[Collected data]

text \<open>Strong bimonoid: the type class combination
  comm_monoid_add (commutative monoid (+,0)), monoid_mult (monoid ( *,1)),
  mult_zero (0 absorbing), zero_neq_one; no distributivity.\<close>

text \<open>A wta is given by a state set Q (finite, nonempty), transition weights
  delta qs f q (qs a list of length rk f) and final weights F.\<close>

definition is_wta :: "'s set \<Rightarrow> bool" where
  "is_wta Q \<longleftrightarrow> finite Q \<and> Q \<noteq> {}"

definition tuples :: "'s set \<Rightarrow> nat \<Rightarrow> 's list set" where
  "tuples Q k = {qs. length qs = k \<and> set qs \<subseteq> Q}"

text \<open>Operation of the vector algebra V(A) on B^Q (vectors are functions 's => 'b,
  taken to be 0 outside Q).\<close>

definition vstep :: "'s set \<Rightarrow> ('s list \<Rightarrow> 'f \<Rightarrow> 's \<Rightarrow> 'b::{comm_monoid_add,monoid_mult,mult_zero,zero_neq_one})
    \<Rightarrow> 'f \<Rightarrow> ('s \<Rightarrow> 'b) list \<Rightarrow> ('s \<Rightarrow> 'b)" where
  "vstep Q \<delta> f vs = (\<lambda>q. if q \<in> Q then
      (\<Sum>qs\<in>tuples Q (length vs).
         prod_list (map (\<lambda>i. (vs ! i) (qs ! i)) [0..<length vs]) * \<delta> qs f q)
     else 0)"

fun hV :: "'s set \<Rightarrow> ('s list \<Rightarrow> 'f \<Rightarrow> 's \<Rightarrow> 'b::{comm_monoid_add,monoid_mult,mult_zero,zero_neq_one})
    \<Rightarrow> 'f tree \<Rightarrow> ('s \<Rightarrow> 'b)" where
  "hV Q \<delta> (Node f ts) = vstep Q \<delta> f (map (hV Q \<delta>) ts)"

Work to complete:
Each line above needs to be returned exactly as it is.

Answer space:
text \<open>Strong bimonoid: the type class combination
  comm_monoid_add (commutative monoid (+,0)), monoid_mult (monoid ( *,1)),
  mult_zero (0 absorbing), zero_neq_one; no distributivity.\<close>

text \<open>A wta is given by a state set Q (finite, nonempty), transition weights
  delta qs f q (qs a list of length rk f) and final weights F.\<close>

definition is_wta :: "'s set \<Rightarrow> bool" where
  "is_wta Q \<longleftrightarrow> finite Q \<and> Q \<noteq> {}"

definition tuples :: "'s set \<Rightarrow> nat \<Rightarrow> 's list set" where
  "tuples Q k = {qs. length qs = k \<and> set qs \<subseteq> Q}"

text \<open>Operation of the vector algebra V(A) on B^Q (vectors are functions 's => 'b,
  taken to be 0 outside Q).\<close>

definition vstep :: "'s set \<Rightarrow> ('s list \<Rightarrow> 'f \<Rightarrow> 's \<Rightarrow> 'b::{comm_monoid_add,monoid_mult,mult_zero,zero_neq_one})
    \<Rightarrow> 'f \<Rightarrow> ('s \<Rightarrow> 'b) list \<Rightarrow> ('s \<Rightarrow> 'b)" where
  "vstep Q \<delta> f vs = (\<lambda>q. if q \<in> Q then
      (\<Sum>qs\<in>tuples Q (length vs).
         prod_list (map (\<lambda>i. (vs ! i) (qs ! i)) [0..<length vs]) * \<delta> qs f q)
     else 0)"

fun hV :: "'s set \<Rightarrow> ('s list \<Rightarrow> 'f \<Rightarrow> 's \<Rightarrow> 'b::{comm_monoid_add,monoid_mult,mult_zero,zero_neq_one})
    \<Rightarrow> 'f tree \<Rightarrow> ('s \<Rightarrow> 'b)" where
  "hV Q \<delta> (Node f ts) = vstep Q \<delta> f (map (hV Q \<delta>) ts)"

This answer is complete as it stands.